This repo works with TensorFlow 2.3 and Keras 2.4. This repo builds on the very successful TrainYourOwnYOLO repo maintained by Anton Mu. His repo lets you train a custom image detector using the state-of-the-art YOLOv3 computer vision algorithm. For a short write up check out this medium post. This repo brings everything TrainYourOwnYOLO does, and on top, it allows you to detect objects in multiple streams, with multiple GPUs, and with multiple models, all at the same time, all in parallel in multiple independent Python processes.

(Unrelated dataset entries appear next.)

(* Let $G$ and $H$ be two connected nontrivial graphs and $S\subseteq V(G\Box H)$. If $V(G^h)\cup V({}^gH)\subseteq\langle S\rangle_C$ for some $g\in V(G)$ and $h\in V(H)$, then $S$ is a cycle hull set of $G\Box H$.
   Context: All graphs are finite, simple and undirected. For a graph $G$ and $S\subseteq V(G)$, the cycle interval $\langle S\rangle$ consists of the vertices of $S$ together with every vertex $w\in V(G)\setminus S$ such that $G[S\cup\{w\}]$ contains a cycle through $w$; $S$ is cycle convex if $\langle S\rangle=S$; the cycle convex hull $\langle S\rangle_C$ is the smallest cycle convex set containing $S$; $S$ is a cycle hull set if $\langle S\rangle_C$ is the whole vertex set. The Cartesian product $G\Box H$ has vertex set $V(G)\times V(H)$, with $(g_1,h_1)\sim(g_2,h_2)$ iff ($g_1\sim g_2$ and $h_1=h_2$) or ($g_1=g_2$ and $h_1\sim h_2$). For $h\in V(H)$, $G^h$ is the subgraph induced by $V(G)\times\{h\}$; for $g\in V(G)$, ${}^gH$ is the subgraph induced by $\{g\}\times V(H)$. A graph is nontrivial if it has at least two vertices. *)

theory Defs
  imports Main
begin

definition graph :: "'a set \<Rightarrow> ('a \<Rightarrow> 'a \<Rightarrow> bool) \<Rightarrow> bool" where
  "graph V E \<longleftrightarrow> finite V \<and> (\<forall>x y. E x y \<longrightarrow> x \<in> V \<and> y \<in> V)
     \<and> (\<forall>x y. E x y \<longrightarrow> E y x) \<and> (\<forall>x. \<not> E x x)"

definition connected_graph :: "'a set \<Rightarrow> ('a \<Rightarrow> 'a \<Rightarrow> bool) \<Rightarrow> bool" where
  "connected_graph V E \<longleftrightarrow> V \<noteq> {} \<and> (\<forall>x\<in>V. \<forall>y\<in>V. E\<^sup>*\<^sup>* x y)"

definition nontrivial_graph :: "'a set \<Rightarrow> bool" where
  "nontrivial_graph V \<longleftrightarrow> card V \<ge> 2"

definition is_cycle_in :: "('a \<Rightarrow> 'a \<Rightarrow> bool) \<Rightarrow> 'a set \<Rightarrow> 'a list \<Rightarrow> bool" where
  "is_cycle_in E A c \<longleftrightarrow> length c \<ge> 3 \<and> distinct c \<and> set c \<subseteq> A
     \<and> (\<forall>i. Suc i < length c \<longrightarrow> E (c ! i) (c ! Suc i))
     \<and> E (last c) (hd c)"

definition cycle_interval :: "'a set \<Rightarrow> ('a \<Rightarrow> 'a \<Rightarrow> bool) \<Rightarrow> 'a set \<Rightarrow> 'a set" where
  "cycle_interval V E S = S \<union> {w \<in> V - S. \<exists>c. is_cycle_in E (S \<union> {w}) c \<and> w \<in> set c}"

definition cycle_convex :: "'a set \<Rightarrow> ('a \<Rightarrow> 'a \<Rightarrow> bool) \<Rightarrow> 'a set \<Rightarrow> bool" where
  "cycle_convex V E S \<longleftrightarrow> S \<subseteq> V \<and> cycle_interval V E S = S"

definition cycle_hull :: "'a set \<Rightarrow> ('a \<Rightarrow> 'a \<Rightarrow> bool) \<Rightarrow> 'a set \<Rightarrow> 'a set" where
  "cycle_hull V E S = \<Inter> {T. S \<subseteq> T \<and> cycle_convex V E T}"

definition cycle_hull_set :: "'a set \<Rightarrow> ('a \<Rightarrow> 'a \<Rightarrow> bool) \<Rightarrow> 'a set \<Rightarrow> bool" where
  "cycle_hull_set V E S \<longleftrightarrow> cycle_hull V E S = V"

definition cart_vertices :: "'a set \<Rightarrow> 'b set \<Rightarrow> ('a \<times> 'b) set" where
  "cart_vertices VG VH = VG \<times> VH"

definition cart_edges :: "('a \<Rightarrow> 'a \<Rightarrow> bool) \<Rightarrow> ('b \<Rightarrow> 'b \<Rightarrow> bool) \<Rightarrow> ('a \<times> 'b) \<Rightarrow> ('a \<times> 'b) \<Rightarrow> bool" where
  "cart_edges EG EH p q \<longleftrightarrow>
     (EG (fst p) (fst q) \<and> snd p = snd q) \<or> (fst p = fst q \<and> EH (snd p) (snd q))"

definition G_layer :: "'a set \<Rightarrow> 'b \<Rightarrow> ('a \<times> 'b) set" where
  "G_layer VG h = VG \<times> {h}"

definition H_layer :: "'a \<Rightarrow> 'b set \<Rightarrow> ('a \<times> 'b) set" where
  "H_layer g VH = {g} \<times> VH"

end

theory Submission
  imports Defs
begin

text \<open>For edges \<open>ab\<close> of \<open>G\<close> and \<open>cd\<close> of \<open>H\<close>, the vertices \<open>(a,c), (a,d), (b,d), (b,c)\<close> form a
  4-cycle of \<open>G \<box> H\<close>, so a cycle convex set containing three of them contains the fourth.
  Starting from the two layers through \<open>(g,h)\<close>, this fills the \<open>H\<close>-layer over every
  \<open>G\<close>-neighbour of a filled \<open>H\<close>-layer (walking along \<open>H\<close> from its vertex in \<open>G\<^sup>h\<close>), and by
  connectivity of \<open>G\<close> every \<open>H\<close>-layer.\<close>

lemma cycle_hull_subset:
  assumes "S \<subseteq> V"
  shows "cycle_hull V E S \<subseteq> V"
proof -
  have "cycle_convex V E V"
    unfolding cycle_convex_def cycle_interval_def by auto
  with assms show ?thesis
    unfolding cycle_hull_def by blast
qed

lemma cycle_interval_cycle_hull_subset:
  "cycle_interval V E (cycle_hull V E S) \<subseteq> cycle_hull V E S"
proof
  fix w assume "w \<in> cycle_interval V E (cycle_hull V E S)"
  then consider "w \<in> cycle_hull V E S"
    | c where "w \<in> V" "is_cycle_in E (cycle_hull V E S \<union> {w}) c" "w \<in> set c"
    unfolding cycle_interval_def by blast
  then show "w \<in> cycle_hull V E S"
  proof cases
    case 2
    show ?thesis
      unfolding cycle_hull_def
    proof (rule InterI)
      fix T assume "T \<in> {T. S \<subseteq> T \<and> cycle_convex V E T}"
      then have T: "S \<subseteq> T" "cycle_convex V E T" by auto
      then have "cycle_hull V E S \<subseteq> T"
        unfolding cycle_hull_def by blast
      with 2 have "w \<in> cycle_interval V E T"
        unfolding cycle_interval_def is_cycle_in_def by blast
      with T(2) show "w \<in> T"
        unfolding cycle_convex_def by blast
    qed
  qed
qed

lemma cart_square_mem_cycle_hull:
  fixes VG :: "'a set" and EG :: "'a \<Rightarrow> 'a \<Rightarrow> bool"
    and VH :: "'b set" and EH :: "'b \<Rightarrow> 'b \<Rightarrow> bool"
    and S :: "('a \<times> 'b) set"
  defines "C \<equiv> cycle_hull (cart_vertices VG VH) (cart_edges EG EH) S"
  assumes G: "graph VG EG" and H: "graph VH EH"
    and ab: "EG a b" and cd: "EH c d"
    and corners: "(a, c) \<in> C" "(a, d) \<in> C" "(b, c) \<in> C"
  shows "(b, d) \<in> C"
proof -
  have ba: "a \<noteq> b" "b \<in> VG" "EG b a"
    using G ab unfolding graph_def by metis+
  have dc: "c \<noteq> d" "d \<in> VH" "EH d c"
    using H cd unfolding graph_def by metis+
  let ?square = "[(a, c), (a, d), (b, d), (b, c)]"
  have "is_cycle_in (cart_edges EG EH) (C \<union> {(b, d)}) ?square"
    unfolding is_cycle_in_def
  proof (intro conjI allI impI)
    fix i assume "Suc i < length ?square"
    then have "i = 0 \<or> i = 1 \<or> i = 2" by auto
    with ab cd ba dc show "cart_edges EG EH (?square ! i) (?square ! Suc i)"
      unfolding cart_edges_def by auto
  qed (use ab ba dc corners in \<open>auto simp: cart_edges_def\<close>)
  with ba dc have "(b, d) \<in> cycle_interval (cart_vertices VG VH) (cart_edges EG EH) C"
    unfolding cycle_interval_def cart_vertices_def by auto
  then show ?thesis
    unfolding C_def by (rule subsetD[OF cycle_interval_cycle_hull_subset])
qed

lemma H_layer_subset_cycle_hull_step:
  fixes VG :: "'a set" and EG :: "'a \<Rightarrow> 'a \<Rightarrow> bool"
    and VH :: "'b set" and EH :: "'b \<Rightarrow> 'b \<Rightarrow> bool"
    and S :: "('a \<times> 'b) set"
  defines "C \<equiv> cycle_hull (cart_vertices VG VH) (cart_edges EG EH) S"
  assumes G: "graph VG EG" and H: "graph VH EH" and H_connected: "connected_graph VH EH"
    and ab: "EG a b" and h: "h \<in> VH"
    and layer_a: "H_layer a VH \<subseteq> C" and bh: "(b, h) \<in> C"
  shows "H_layer b VH \<subseteq> C"
proof -
  have "(b, y) \<in> C" if "EH\<^sup>*\<^sup>* h y" for y
    using that
  proof (induction rule: rtranclp_induct)
    case base
    show ?case by (fact bh)
  next
    case (step y z)
    then have "y \<in> VH" "z \<in> VH"
      using H unfolding graph_def by blast+
    with layer_a have "(a, y) \<in> C" "(a, z) \<in> C"
      unfolding H_layer_def by auto
    with step show ?case
      using cart_square_mem_cycle_hull[OF G H ab \<open>EH y z\<close>] unfolding C_def by blast
  qed
  with H_connected h show ?thesis
    unfolding H_layer_def connected_graph_def by blast
qed

theorem mainTheorem6:
  fixes VG :: "'a set" and EG :: "'a \<Rightarrow> 'a \<Rightarrow> bool"
    and VH :: "'b set" and EH :: "'b \<Rightarrow> 'b \<Rightarrow> bool"
    and S :: "('a \<times> 'b) set"
  assumes "graph VG EG" and "graph VH EH"
    and "connected_graph VG EG" and "connected_graph VH EH"
    and "nontrivial_graph VG" and "nontrivial_graph VH"
    and "S \<subseteq> cart_vertices VG VH"
    and "g \<in> VG" and "h \<in> VH"
    and "G_layer VG h \<union> H_layer g VH \<subseteq> cycle_hull (cart_vertices VG VH) (cart_edges EG EH) S"
  shows "cycle_hull_set (cart_vertices VG VH) (cart_edges EG EH) S"
proof -
  let ?C = "cycle_hull (cart_vertices VG VH) (cart_edges EG EH) S"
  have layers: "G_layer VG h \<subseteq> ?C" "H_layer g VH \<subseteq> ?C"
    using assms(10) by auto
  have "H_layer x VH \<subseteq> ?C" if "EG\<^sup>*\<^sup>* g x" for x
    using that
  proof (induction rule: rtranclp_induct)
    case base
    show ?case by (fact layers(2))
  next
    case (step x y)
    then have "(y, h) \<in> ?C"
      using layers(1) assms(1) unfolding G_layer_def graph_def by blast
    with step show ?case
      by (intro H_layer_subset_cycle_hull_step[OF assms(1,2,4) \<open>EG x y\<close> assms(9)])
  qed
  then have "cart_vertices VG VH \<subseteq> ?C"
    using assms(3,8) unfolding cart_vertices_def H_layer_def connected_graph_def by blast
  with cycle_hull_subset[OF assms(7)] show ?thesis
    unfolding cycle_hull_set_def by blast
qed

end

The number of streams depends on the amount of memory available on the GPU and in your computer. A YOLO process demands around a gigabyte of GPU memory, therefore, 11 streams can ideally be squeezed into a Geforce 1080ti with 11 Gbytes (it will be a very tight fit.) This is achieved with a modified YOLO object. A more in-depth description is here.

This repo comes with a very early version of MultiDetect.py, an application that makes use of the multi-stream, multi-GPU YOLO object. MultiDetect.py allows you to manage multiple streams and GPUs, to display the output on one or many monitors, and to automatically record video and attendant data files. A detailed description of MultiDetect.py is here.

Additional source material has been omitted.